## [REQUIREMENT]
Below are entries; count each line that holds the word "Longrightarrow" and report the number without any other words.

(Saved data entries)
lemma stab_y: "stab (triple z2 s1) = Dgrp"
  unfolding stab_triple_z2[OF det_s1]
  by (auto simp: DN12_def Dgrp_eq z2_def s1_def dmat_def)

lemma stab_y': "stab (triple z2 (mat 1)) = DN12"
  unfolding stab_triple_z2[OF det_I]
  by (auto simp: DN12_def mat_1_eq_mat3)

lemma stab_u1: "stab (triple z2 (s2 ** nmat 0 0 1)) = {mat3 (1 / a^2) x 0 0 a 0 0 0 a | a x. a \<noteq> 0}"
  unfolding stab_triple_z2[OF det_s2_nmat]
  by (auto simp: DN12_def s2_def nmat_def) (auto simp: power2_eq_square eq_divide_eq algebra_simps)

lemma stab_u2: "stab (triple z2 (s2 ** nmat 0 0 0)) = DN12"
  unfolding stab_triple_z2[OF det_s2_nmat]
  by (auto simp: DN12_def s2_def nmat_def)

lemma orbits_triple_z2_disjoint:
  assumes "det w = 1" "det w' = 1"
    and "\<And>a b e k. a * e * k = 1 \<Longrightarrow> \<not> upper_tri (w ** mat3 a b 0 0 e 0 0 0 k ** adj3 w')"
  shows "orbit (triple z2 w) \<inter> orbit (triple z2 w') = {}"
  using assms by (intro orbits_disjoint_if_not_mem) (auto simp: triple_z2_in_orbit_iff DN12_def)

lemma orbit_reps_z2_z2:
  assumes "r \<in> Pgrp"
  shows "\<exists>n\<in>{nmat 0 0 1, nmat 0 1 0, nmat 0 0 0}. triple z2 (z2 ** r) \<in> orbit (triple z2 (z2 ** n))"
proof -
  obtain a b c e f k where r: "r = mat3 a b c 0 e f 0 0 k" and det: "a * e * k = 1"
    using assms by (rule Pgrp_elim)
  then have nz: "a \<noteq> 0" "e \<noteq> 0" "k \<noteq> 0" by auto
  note in_orbit = triple_z2_in_orbitI[OF assms det_z2 det_z2_nmat]
  consider "f \<noteq> 0" | "f = 0" "c \<noteq> 0" | "f = 0" "c = 0" by blast
  then show ?thesis
  proof cases
    case 1
    let ?g = "mat3 (a*k/f) (b*k/f - c*e*k/f^2) 0 0 e 0 0 0 f"
    have "?g \<in> DN12" "upper_tri (z2 ** nmat 0 0 1 ** ?g ** adj3 (z2 ** r))"
      using 1 nz det by (simp_all add: r z2_def nmat_def field_simps power2_eq_square)
    then show ?thesis using in_orbit by blast
  next
    case 2
    let ?g = "mat3 a b 0 0 (e*k/c) 0 0 0 c"
    have "?g \<in> DN12" "upper_tri (z2 ** nmat 0 1 0 ** ?g ** adj3 (z2 ** r))"
      using 2 nz det by (simp_all add: r z2_def nmat_def field_simps)
    then show ?thesis using in_orbit by blast
  next
    case 3
    have "r \<in> DN12" "upper_tri (z2 ** nmat 0 0 0 ** r ** adj3 (z2 ** r))"
      using 3 det by (simp_all add: r z2_def nmat_def)
    then show ?thesis using in_orbit by blast
  qed
qed

lemma orbit_reps_z2_s1:
  assumes "r \<in> Pgrp"
  shows "triple z2 (s1 ** r) \<in> orbit (triple z2 s1)"
proof -
  obtain a b c e f k where r: "r = mat3 a b c 0 e f 0 0 k" and det: "a * e * k = 1"
    using assms by (rule Pgrp_elim)
  then have "a \<noteq> 0" by auto
  with det have "nmat (b/a) 0 0 \<in> DN12" "upper_tri (s1 ** nmat (b/a) 0 0 ** adj3 (s1 ** r))"
    by (simp_all add: r s1_def nmat_def field_simps)
  then show ?thesis
    by (rule triple_z2_in_orbitI[OF assms det_s1 det_s1])
qed

lemma orbit_reps_z2_s2:
  assumes "r \<in> Pgrp"
  shows "\<exists>n\<in>{nmat 0 0 1, nmat 0 0 0}. triple z2 (s2 ** r) \<in> orbit (triple z2 (s2 ** n))"
proof -
  obtain a b c e f k where r: "r = mat3 a b c 0 e f 0 0 k" and det: "a * e * k = 1"
    using assms by (rule Pgrp_elim)
  then have nz: "a \<noteq> 0" "e \<noteq> 0" "k \<noteq> 0" by auto
  note in_orbit = triple_z2_in_orbitI[OF assms det_s2 det_s2_nmat]
  show ?thesis
  proof (cases "f = 0")
    case False
    let ?g = "mat3 (e/f) 0 0 0 1 0 0 0 (f/e)"
    have "?g \<in> DN12" "upper_tri (s2 ** nmat 0 0 1 ** ?g ** adj3 (s2 ** r))"
      using False nz det by (simp_all add: r s2_def nmat_def field_simps)
    then show ?thesis using in_orbit by blast
  next
    case True
    have "mat 1 \<in> DN12" "upper_tri (s2 ** nmat 0 0 0 ** mat 1 ** adj3 (s2 ** r))"
      using True nz det by (simp_all add: mat_1_eq_mat3 r s2_def nmat_def field_simps)
    then show ?thesis using in_orbit by blast
  qed
qed

lemma orbits_disjoint_z2_z2:
  "orbit (triple z2 (z2 ** nmat 0 0 1)) \<inter> orbit (triple z2 (z2 ** nmat 0 1 0)) = {}"
  "orbit (triple z2 (z2 ** nmat 0 0 1)) \<inter> orbit (triple z2 (z2 ** nmat 0 0 0)) = {}"
  "orbit (triple z2 (z2 ** nmat 0 1 0)) \<inter> orbit (triple z2 (z2 ** nmat 0 0 0)) = {}"
  by (rule orbits_triple_z2_disjoint[OF det_z2_nmat det_z2_nmat]; auto simp: z2_def nmat_def)+

lemma orbits_disjoint_z2_s2:
  "orbit (triple z2 (s2 ** nmat 0 0 1)) \<inter> orbit (triple z2 (s2 ** nmat 0 0 0)) = {}"
  by (rule orbits_triple_z2_disjoint[OF det_s2_nmat det_s2_nmat]) (auto simp: s2_def nmat_def)

lemma cell_z2_z2: "cell z2 z2 =
    orbit (triple z2 (z2 ** nmat 0 0 1)) \<union> orbit (triple z2 (z2 ** nmat 0 1 0)) \<union> orbit (triple z2 (z2 ** nmat 0 0 0))"
proof -
  have "cell z2 z2 = (\<Union>n\<in>{nmat 0 0 1, nmat 0 1 0, nmat 0 0 0}. orbit (triple z2 (z2 ** n)))"
    using orbit_reps_z2_z2 nmat_in_Pgrp by (intro cell_eq_UN_orbit_reps) auto
  then show ?thesis by (simp add: Un_assoc)
qed

lemma cell_z2_s1: "cell z2 s1 = orbit (triple z2 s1)"
proof -
  have "cell z2 s1 = (\<Union>n\<in>{mat 1}. orbit (triple z2 (s1 ** n)))"
    using orbit_reps_z2_s1 mat_1_in_Pgrp by (intro cell_eq_UN_orbit_reps) auto
  then show ?thesis by simp
qed

lemma cell_z2_1: "cell z2 (mat 1) = orbit (triple z2 (mat 1))"
proof -
  have "\<exists>n\<in>{mat 1}. triple z2 (mat 1 ** r) \<in> orbit (triple z2 (mat 1 ** n))" if "r \<in> Pgrp" for r
    using coset_mult_Pgrp[OF that, of "mat 1"] orbit_mem_self by simp
  then have "cell z2 (mat 1) = (\<Union>n\<in>{mat 1}. orbit (triple z2 (mat 1 ** n)))"
    using mat_1_in_Pgrp by (intro cell_eq_UN_orbit_reps) auto
  then show ?thesis by simp
qed

lemma cell_z2_s2: "cell z2 s2 = orbit (triple z2 (s2 ** nmat 0 0 1)) \<union> orbit (triple z2 (s2 ** nmat 0 0 0))"
proof -
  have "cell z2 s2 = (\<Union>n\<in>{nmat 0 0 1, nmat 0 0 0}. orbit (triple z2 (s2 ** n)))"
    using orbit_reps_z2_s2 nmat_in_Pgrp by (intro cell_eq_UN_orbit_reps) auto
  then show ?thesis by simp
qed

theorem mainTheorem10:
  shows
  \<comment> \<open>(a)\<close>
  "(let P0 = coset (mat 1);
        x1 = (P0, coset z2, coset (z2 ** nmat 0 0 1));
        x2 = (P0, coset z2, coset (z2 ** nmat 0 1 0));
        x3 = (P0, coset z2, coset (z2 ** nmat 0 0 0))
    in cell z2 z2 = orbit x1 \<union> orbit x2 \<union> orbit x3
     \<and> orbit x1 \<inter> orbit x2 = {} \<and> orbit x1 \<inter> orbit x3 = {} \<and> orbit x2 \<inter> orbit x3 = {}
     \<and> orbit_dim x1 = 7 \<and> stab x1 = {dmat (1 / a^2) a a | a. a \<noteq> 0}
     \<and> orbit_dim x2 = 6 \<and> stab x2 = {mat3 a z 0 0 (1 / a^2) 0 0 0 a | a z. a \<noteq> 0}
     \<and> orbit_dim x3 = 5 \<and> stab x3 = setmul Dgrp {nmat x 0 0 | x. True})
   \<and>
  \<comment> \<open>(b)\<close>
   (let P0 = coset (mat 1);
        y = (P0, coset z2, coset s1);
        y' = (P0, coset z2, coset (mat 1))
    in cell z2 s1 = orbit y \<and> orbit_dim y = 6 \<and> stab y = Dgrp
     \<and> cell z2 (mat 1) = orbit y' \<and> orbit_dim y' = 5
     \<and> stab y' = setmul Dgrp {nmat x 0 0 | x. True})
   \<and>
  \<comment> \<open>(c)\<close>
   (let P0 = coset (mat 1);
        u1 = (P0, coset z2, coset (s2 ** nmat 0 0 1));
        u2 = (P0, coset z2, coset (s2 ** nmat 0 0 0))
    in cell z2 s2 = orbit u1 \<union> orbit u2 \<and> orbit u1 \<inter> orbit u2 = {}
     \<and> orbit_dim u1 = 6 \<and> stab u1 = {mat3 (1 / a^2) x 0 0 a 0 0 0 a | a x. a \<noteq> 0}
     \<and> orbit_dim u2 = 5 \<and> stab u2 = setmul Dgrp {nmat x 0 0 | x. True})"
proof -
  have orbit_dim: "orbit_dim x = 8 - group_dim (stab x)" for x
    by (simp add: orbit_dim_def group_dim_SL3)
  show ?thesis
    unfolding Let_def orbit_dim DN12_eq_setmul[symmetric] stab_x1 stab_x2 stab_x3 stab_y stab_y' stab_u1 stab_u2
      group_dim_stab_x1 group_dim_stab_x2 group_dim_DN12 group_dim_Dgrp group_dim_stab_u1
    by (simp add: cell_z2_z2 cell_z2_s1 cell_z2_1 cell_z2_s2 orbits_disjoint_z2_z2 orbits_disjoint_z2_s2)
qed

end
lemma unique_cp_factorization_if_zero_entry:
  assumes A: "A \<in> carrier_mat n n" "completely_positive A" "vec_space.rank n A = 2"
    and st: "s < n" "t < n" "A $$ (s, t) = 0" "0 < A $$ (s, s)" "0 < A $$ (t, t)"
  shows "unique_cp_factorization A"
proof -
  have diag: "A $$ (i, i) =
      A $$ (i, s) * A $$ (i, s) / A $$ (s, s) + A $$ (i, t) * A $$ (i, t) / A $$ (t, t)"
    if "i < n" for i
    using rank_2_zero_entry_expansion[OF A st that that] .
  define B where "B = mat n 2 (\<lambda>(i, j).
    if j = 0 then A $$ (i, s) / sqrt (A $$ (s, s)) else A $$ (i, t) / sqrt (A $$ (t, t)))"
  have B: "cp_factorization A B"
    unfolding B_def
    by (rule cp_factorization_normalized_columns[OF A(1,2) st rank_2_zero_entry_expansion[OF A st]])
  have "cp_equiv B C" if C: "cp_factorization A C" for C
  proof -
    obtain l0 l1 where cols: "{..<dim_col C} = {l0, l1}" "l0 \<noteq> l1"
      and "\<And>i. i < n \<Longrightarrow> C $$ (i, l0) = A $$ (i, s) / sqrt (A $$ (s, s))"
      and "\<And>i. i < n \<Longrightarrow> C $$ (i, l1) = A $$ (i, t) / sqrt (A $$ (t, t))"
      using cp_factorization_columns_if_zero_entry[OF A(1) C st diag] by blast
    moreover have "dim_row C = n"
      using C A(1) by (simp add: cp_factorization_def)
    ultimately show ?thesis
      by (intro cp_equiv_if_same_columns[of B n C l0 l1]) (simp_all add: B_def)
  qed
  then show ?thesis
    using B unfolding unique_cp_factorization_def by blast
qed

## [SOLVED EXERCISE]
3